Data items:
(* Let $A$ be any $\mathcal L_{\mathrm R}$-sentence with $\mathsf{CR}^{+}\vdash A$. Then for every pole $\perp\!\!\!\perp$, the structure $\langle\mathbb N,\perp\!\!\!\perp,\mathbb T_{\perp\!\!\!\perp},\mathbb F_{\perp\!\!\!\perp}\rangle$ satisfies $A$.
   Context: $\mathcal{L}$ is the language of $\mathsf{PA}$ ($\to,\forall,=$, constant $0$, function symbols for all primitive recursive functions); $\langle x,y\rangle$ primitive recursive pairing with projections $(\cdot)_0,(\cdot)_1$; $e\cdot m\simeq n$ means the $e$-th partial recursive function on input $m$ halts with output $n$ (formalised by a $\Sigma^0_1$ formula $x\cdot y\simeq z$); $\mathrm{Eq}(y,z)$: $y,z$ code closed $\mathcal L$-terms of equal value. $\forall\ulcorner A\urcorner\in\mathrm{Sent}_{\mathcal L}$, $\forall\ulcorner s\urcorner$, $\forall\ulcorner A_x\urcorner\in\mathrm{Sent}_{\mathcal L}$ quantify over codes of $\mathcal L$-sentences, closed terms, and formulas with at most $x$ free; $\ulcorner A(\dot y)\urcorner$ codes $A$ with the numeral of $y$ substituted. A pole is a set $\perp\!\!\!\perp\subseteq\mathbb N$ such that $e\cdot m\simeq n$ and $n\in\perp\!\!\!\perp$ imply $\langle e,m\rangle\in\perp\!\!\!\perp$. For $\mathcal L$-sentences: $\|s=t\|_{\perp\!\!\!\perp}=\mathbb N$ if $s=t$ is false in $\mathbb N$ and $=\perp\!\!\!\perp$ otherwise; $\|A\to B\|=\{n:(n)_0\in|A|,(n)_1\in\|B\|\}$; $\|\forall xA\|=\{n:(n)_1\in\|A(\overline{(n)_0})\|\}$; $|A|=\{n:\forall m\in\|A\|\ \langle n,m\rangle\in\perp\!\!\!\perp\}$. $\mathbb T_{\perp\!\!\!\perp}=\{(n,\ulcorner A\urcorner):n\in|A|_{\perp\!\!\!\perp}\}$, $\mathbb F_{\perp\!\!\!\perp}=\{(n,\ulcorner A\urcorner):n\in\|A\|_{\perp\!\!\!\perp}\}$ ($A$ ranging over $\mathcal L$-sentences); these interpret $T$, $F$ and $\perp\!\!\!\perp$ interprets $x\in{\perp\!\!\!\perp}$. $\mathcal L_{\mathrm R}$ extends $\mathcal L$ by unary $x\in{\perp\!\!\!\perp}$ and binary $x\,F\,y$, $x\,T\,y$. $\mathsf{CR}$ is $\mathsf{PA}$ in $\mathcal L_{\mathrm R}$ plus universal closures of: $x\cdot y\simeq z\to(z\in{\perp\!\!\!\perp}\to\langle x,y\rangle\in{\perp\!\!\!\perp})$; $\forall\ulcorner A\urcorner\in\mathrm{Sent}_{\mathcal L}.\ a\,T\,\ulcorner A\urcorner\leftrightarrow\forall b(b\,F\,\ulcorner A\urcorner\to\langle a,b\rangle\in{\perp\!\!\!\perp})$; $\forall\ulcorner s\urcorner,\ulcorner t\urcorner.\ a\,F\,\ulcorner s=t\urcorner\leftrightarrow(\mathrm{Eq}(\ulcorner s\urcorner,\ulcorner t\urcorner)\to a\in{\perp\!\!\!\perp})$; $\forall\ulcorner A\urcorner,\ulcorner B\urcorner\in\mathrm{Sent}_{\mathcal L}.\ a\,F\,\ulcorner A\to B\urcorner\leftrightarrow((a)_0\,T\,\ulcorner A\urcorner\wedge(a)_1\,F\,\ulcorner B\urcorner)$; $\forall\ulcorner A_x\urcorner\in\mathrm{Sent}_{\mathcal L}.\ a\,F\,\ulcorner\forall xA\urcorner\leftrightarrow(a)_1\,F\,\ulcorner A((\dot a)_0)\urcorner$. $\mathsf{CR}^{+}$ is $\mathsf{CR}$ plus the rule: from $s\,T\,\ulcorner A\urcorner$ infer $A$, for every closed term $s$ and $\mathcal L$-sentence $A$. *)

theory Defs
  imports Main "HOL-Library.Nat_Bijection"
begin

definition pair :: "nat \<Rightarrow> nat \<Rightarrow> nat" where
  "pair x y = prod_encode (x, y)"

definition proj0 :: "nat \<Rightarrow> nat" where
  "proj0 n = fst (prod_decode n)"

definition proj1 :: "nat \<Rightarrow> nat" where
  "proj1 n = snd (prod_decode n)"

datatype recf = RZ | RS | RP nat | RC recf "recf list" | RR recf recf | RM recf

inductive reval :: "recf \<Rightarrow> nat list \<Rightarrow> nat \<Rightarrow> bool" where
  rZ: "reval RZ xs 0"
| rS: "xs \<noteq> [] \<Longrightarrow> reval RS xs (Suc (hd xs))"
| rP: "i < length xs \<Longrightarrow> reval (RP i) xs (xs ! i)"
| rC: "length ys = length gs \<Longrightarrow> (\<forall>i<length gs. reval (gs ! i) xs (ys ! i))
        \<Longrightarrow> reval f ys z \<Longrightarrow> reval (RC f gs) xs z"
| rR0: "reval f xs z \<Longrightarrow> reval (RR f g) (0 # xs) z"
| rRS: "reval (RR f g) (y # xs) r \<Longrightarrow> reval g (y # r # xs) z
        \<Longrightarrow> reval (RR f g) (Suc y # xs) z"
| rM: "reval f (y # xs) 0 \<Longrightarrow> (\<forall>k<y. \<exists>v. 0 < v \<and> reval f (k # xs) v)
        \<Longrightarrow> reval (RM f) xs y"

fun rcode :: "recf \<Rightarrow> nat" where
  "rcode RZ = pair 0 0"
| "rcode RS = pair 1 0"
| "rcode (RP i) = pair 2 i"
| "rcode (RC f gs) = pair 3 (pair (rcode f) (list_encode (map rcode gs)))"
| "rcode (RR f g) = pair 4 (pair (rcode f) (rcode g))"
| "rcode (RM f) = pair 5 (rcode f)"

definition rdecode :: "nat \<Rightarrow> recf" where
  "rdecode e = (if \<exists>f. rcode f = e then (THE f. rcode f = e) else RZ)"

definition kapp :: "nat \<Rightarrow> nat \<Rightarrow> nat \<Rightarrow> bool" where
  "kapp e m n \<longleftrightarrow> reval (rdecode e) [m] n"

datatype prfn = PZero | PSucc | PProj nat nat | PComp nat prfn "prfn list" | PRec nat prfn prfn

fun arity :: "prfn \<Rightarrow> nat" where
  "arity PZero = 0"
| "arity PSucc = 1"
| "arity (PProj n i) = n"
| "arity (PComp n f gs) = n"
| "arity (PRec n f g) = Suc n"

fun wfp :: "prfn \<Rightarrow> bool" where
  "wfp PZero = True"
| "wfp PSucc = True"
| "wfp (PProj n i) = (i < n)"
| "wfp (PComp n f gs) = (wfp f \<and> arity f = length gs \<and> (\<forall>g\<in>set gs. wfp g \<and> arity g = n))"
| "wfp (PRec n f g) = (wfp f \<and> wfp g \<and> arity f = n \<and> arity g = Suc (Suc n))"

fun evalp :: "prfn \<Rightarrow> nat list \<Rightarrow> nat" where
  "evalp PZero xs = 0"
| "evalp PSucc xs = Suc (hd xs)"
| "evalp (PProj n i) xs = xs ! i"
| "evalp (PComp n f gs) xs = evalp f (map (\<lambda>g. evalp g xs) gs)"
| "evalp (PRec n f g) xs =
     rec_nat (evalp f (tl xs)) (\<lambda>y r. evalp g (y # r # tl xs)) (hd xs)"

datatype trm = Var nat | Fn prfn "trm list"

datatype fm = Eqf trm trm | Imp fm fm | All fm
  | InPole trm
  | Fr trm trm
  | Tr trm trm

definition zero :: trm where "zero = Fn PZero []"
definition suc :: "trm \<Rightarrow> trm" where "suc t = Fn PSucc [t]"

fun num :: "nat \<Rightarrow> trm" where
  "num 0 = zero"
| "num (Suc n) = suc (num n)"

fun wft :: "trm \<Rightarrow> bool" where
  "wft (Var n) = True"
| "wft (Fn f ts) = (wfp f \<and> arity f = length ts \<and> (\<forall>t\<in>set ts. wft t))"

fun wff :: "fm \<Rightarrow> bool" where
  "wff (Eqf s t) = (wft s \<and> wft t)"
| "wff (Imp A B) = (wff A \<and> wff B)"
| "wff (All A) = wff A"
| "wff (InPole t) = wft t"
| "wff (Fr s t) = (wft s \<and> wft t)"
| "wff (Tr s t) = (wft s \<and> wft t)"

fun isL :: "fm \<Rightarrow> bool" where
  "isL (Eqf s t) = True"
| "isL (Imp A B) = (isL A \<and> isL B)"
| "isL (All A) = isL A"
| "isL (InPole t) = False"
| "isL (Fr s t) = False"
| "isL (Tr s t) = False"

fun closed_t :: "nat \<Rightarrow> trm \<Rightarrow> bool" where
  "closed_t k (Var n) = (n < k)"
| "closed_t k (Fn f ts) = (\<forall>t\<in>set ts. closed_t k t)"

fun closed_f :: "nat \<Rightarrow> fm \<Rightarrow> bool" where
  "closed_f k (Eqf s t) = (closed_t k s \<and> closed_t k t)"
| "closed_f k (Imp A B) = (closed_f k A \<and> closed_f k B)"
| "closed_f k (All A) = closed_f (Suc k) A"
| "closed_f k (InPole t) = closed_t k t"
| "closed_f k (Fr s t) = (closed_t k s \<and> closed_t k t)"
| "closed_f k (Tr s t) = (closed_t k s \<and> closed_t k t)"

definition sentence :: "fm \<Rightarrow> bool" where
  "sentence A \<longleftrightarrow> wff A \<and> closed_f 0 A"

definition L_sentence :: "fm \<Rightarrow> bool" where
  "L_sentence A \<longleftrightarrow> sentence A \<and> isL A"

definition closed_L_term :: "trm \<Rightarrow> bool" where
  "closed_L_term t \<longleftrightarrow> wft t \<and> closed_t 0 t"

definition L_formula1 :: "fm \<Rightarrow> bool" where
  "L_formula1 A \<longleftrightarrow> wff A \<and> isL A \<and> closed_f 1 A"

fun subst_t :: "(nat \<Rightarrow> trm) \<Rightarrow> trm \<Rightarrow> trm" where
  "subst_t \<sigma> (Var n) = \<sigma> n"
| "subst_t \<sigma> (Fn f ts) = Fn f (map (subst_t \<sigma>) ts)"

definition lift_t :: "trm \<Rightarrow> trm" where
  "lift_t t = subst_t (\<lambda>n. Var (Suc n)) t"

definition up :: "(nat \<Rightarrow> trm) \<Rightarrow> nat \<Rightarrow> trm" where
  "up \<sigma> n = (case n of 0 \<Rightarrow> Var 0 | Suc k \<Rightarrow> lift_t (\<sigma> k))"

fun subst :: "(nat \<Rightarrow> trm) \<Rightarrow> fm \<Rightarrow> fm" where
  "subst \<sigma> (Eqf s t) = Eqf (subst_t \<sigma> s) (subst_t \<sigma> t)"
| "subst \<sigma> (Imp A B) = Imp (subst \<sigma> A) (subst \<sigma> B)"
| "subst \<sigma> (All A) = All (subst (up \<sigma>) A)"
| "subst \<sigma> (InPole t) = InPole (subst_t \<sigma> t)"
| "subst \<sigma> (Fr s t) = Fr (subst_t \<sigma> s) (subst_t \<sigma> t)"
| "subst \<sigma> (Tr s t) = Tr (subst_t \<sigma> s) (subst_t \<sigma> t)"

definition lift :: "fm \<Rightarrow> fm" where
  "lift A = subst (\<lambda>n. Var (Suc n)) A"

definition inst :: "trm \<Rightarrow> nat \<Rightarrow> trm" where
  "inst t n = (case n of 0 \<Rightarrow> t | Suc k \<Rightarrow> Var k)"

definition at1 :: "fm \<Rightarrow> trm \<Rightarrow> fm" where
  "at1 A t = subst (inst t) A"

definition at2 :: "fm \<Rightarrow> trm \<Rightarrow> trm \<Rightarrow> fm" where
  "at2 A s t = subst (\<lambda>n. if n = 0 then s else if n = 1 then t else Var n) A"

definition at3 :: "fm \<Rightarrow> trm \<Rightarrow> trm \<Rightarrow> trm \<Rightarrow> fm" where
  "at3 A r s t = subst (\<lambda>n. if n = 0 then r else if n = 1 then s else if n = 2 then t else Var n) A"

definition Bot :: fm where "Bot = Eqf zero (suc zero)"
definition Neg :: "fm \<Rightarrow> fm" where "Neg A = Imp A Bot"
definition Conj :: "fm \<Rightarrow> fm \<Rightarrow> fm" where "Conj A B = Neg (Imp A (Neg B))"
definition Iff :: "fm \<Rightarrow> fm \<Rightarrow> fm" where "Iff A B = Conj (Imp A B) (Imp B A)"

fun pcode :: "prfn \<Rightarrow> nat" where
  "pcode PZero = pair 0 0"
| "pcode PSucc = pair 1 0"
| "pcode (PProj n i) = pair 2 (pair n i)"
| "pcode (PComp n f gs) = pair 3 (pair n (pair (pcode f) (list_encode (map pcode gs))))"
| "pcode (PRec n f g) = pair 4 (pair n (pair (pcode f) (pcode g)))"

fun tcode :: "trm \<Rightarrow> nat" where
  "tcode (Var n) = pair 0 n"
| "tcode (Fn f ts) = pair 1 (pair (pcode f) (list_encode (map tcode ts)))"

fun fcode :: "fm \<Rightarrow> nat" where
  "fcode (Eqf s t) = pair 0 (pair (tcode s) (tcode t))"
| "fcode (Imp A B) = pair 1 (pair (fcode A) (fcode B))"
| "fcode (All A) = pair 2 (fcode A)"
| "fcode (InPole t) = pair 3 (tcode t)"
| "fcode (Fr s t) = pair 4 (pair (tcode s) (tcode t))"
| "fcode (Tr s t) = pair 5 (pair (tcode s) (tcode t))"

fun evalt :: "(nat \<Rightarrow> nat) \<Rightarrow> trm \<Rightarrow> nat" where
  "evalt e (Var n) = e n"
| "evalt e (Fn f ts) = evalp f (map (evalt e) ts)"

fun sat :: "nat set \<Rightarrow> (nat \<times> nat) set \<Rightarrow> (nat \<times> nat) set \<Rightarrow> (nat \<Rightarrow> nat) \<Rightarrow> fm \<Rightarrow> bool" where
  "sat P T F e (Eqf s t) = (evalt e s = evalt e t)"
| "sat P T F e (Imp A B) = (sat P T F e A \<longrightarrow> sat P T F e B)"
| "sat P T F e (All A) = (\<forall>n. sat P T F (case_nat n e) A)"
| "sat P T F e (InPole t) = (evalt e t \<in> P)"
| "sat P T F e (Fr s t) = ((evalt e s, evalt e t) \<in> F)"
| "sat P T F e (Tr s t) = ((evalt e s, evalt e t) \<in> T)"

definition satN :: "(nat \<Rightarrow> nat) \<Rightarrow> fm \<Rightarrow> bool" where
  "satN e A = sat {} {} {} e A"

definition is_pole :: "nat set \<Rightarrow> bool" where
  "is_pole P \<longleftrightarrow> (\<forall>e m n. kapp e m n \<longrightarrow> n \<in> P \<longrightarrow> pair e m \<in> P)"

### Task instructions
Filter the records for lines containing the word "PComp" and copy each one.

### Answer to this task
datatype prfn = PZero | PSucc | PProj nat nat | PComp nat prfn "prfn list" | PRec nat prfn prfn
| "arity (PComp n f gs) = n"
| "wfp (PComp n f gs) = (wfp f \<and> arity f = length gs \<and> (\<forall>g\<in>set gs. wfp g \<and> arity g = n))"
| "evalp (PComp n f gs) xs = evalp f (map (\<lambda>g. evalp g xs) gs)"
| "pcode (PComp n f gs) = pair 3 (pair n (pair (pcode f) (list_encode (map pcode gs))))"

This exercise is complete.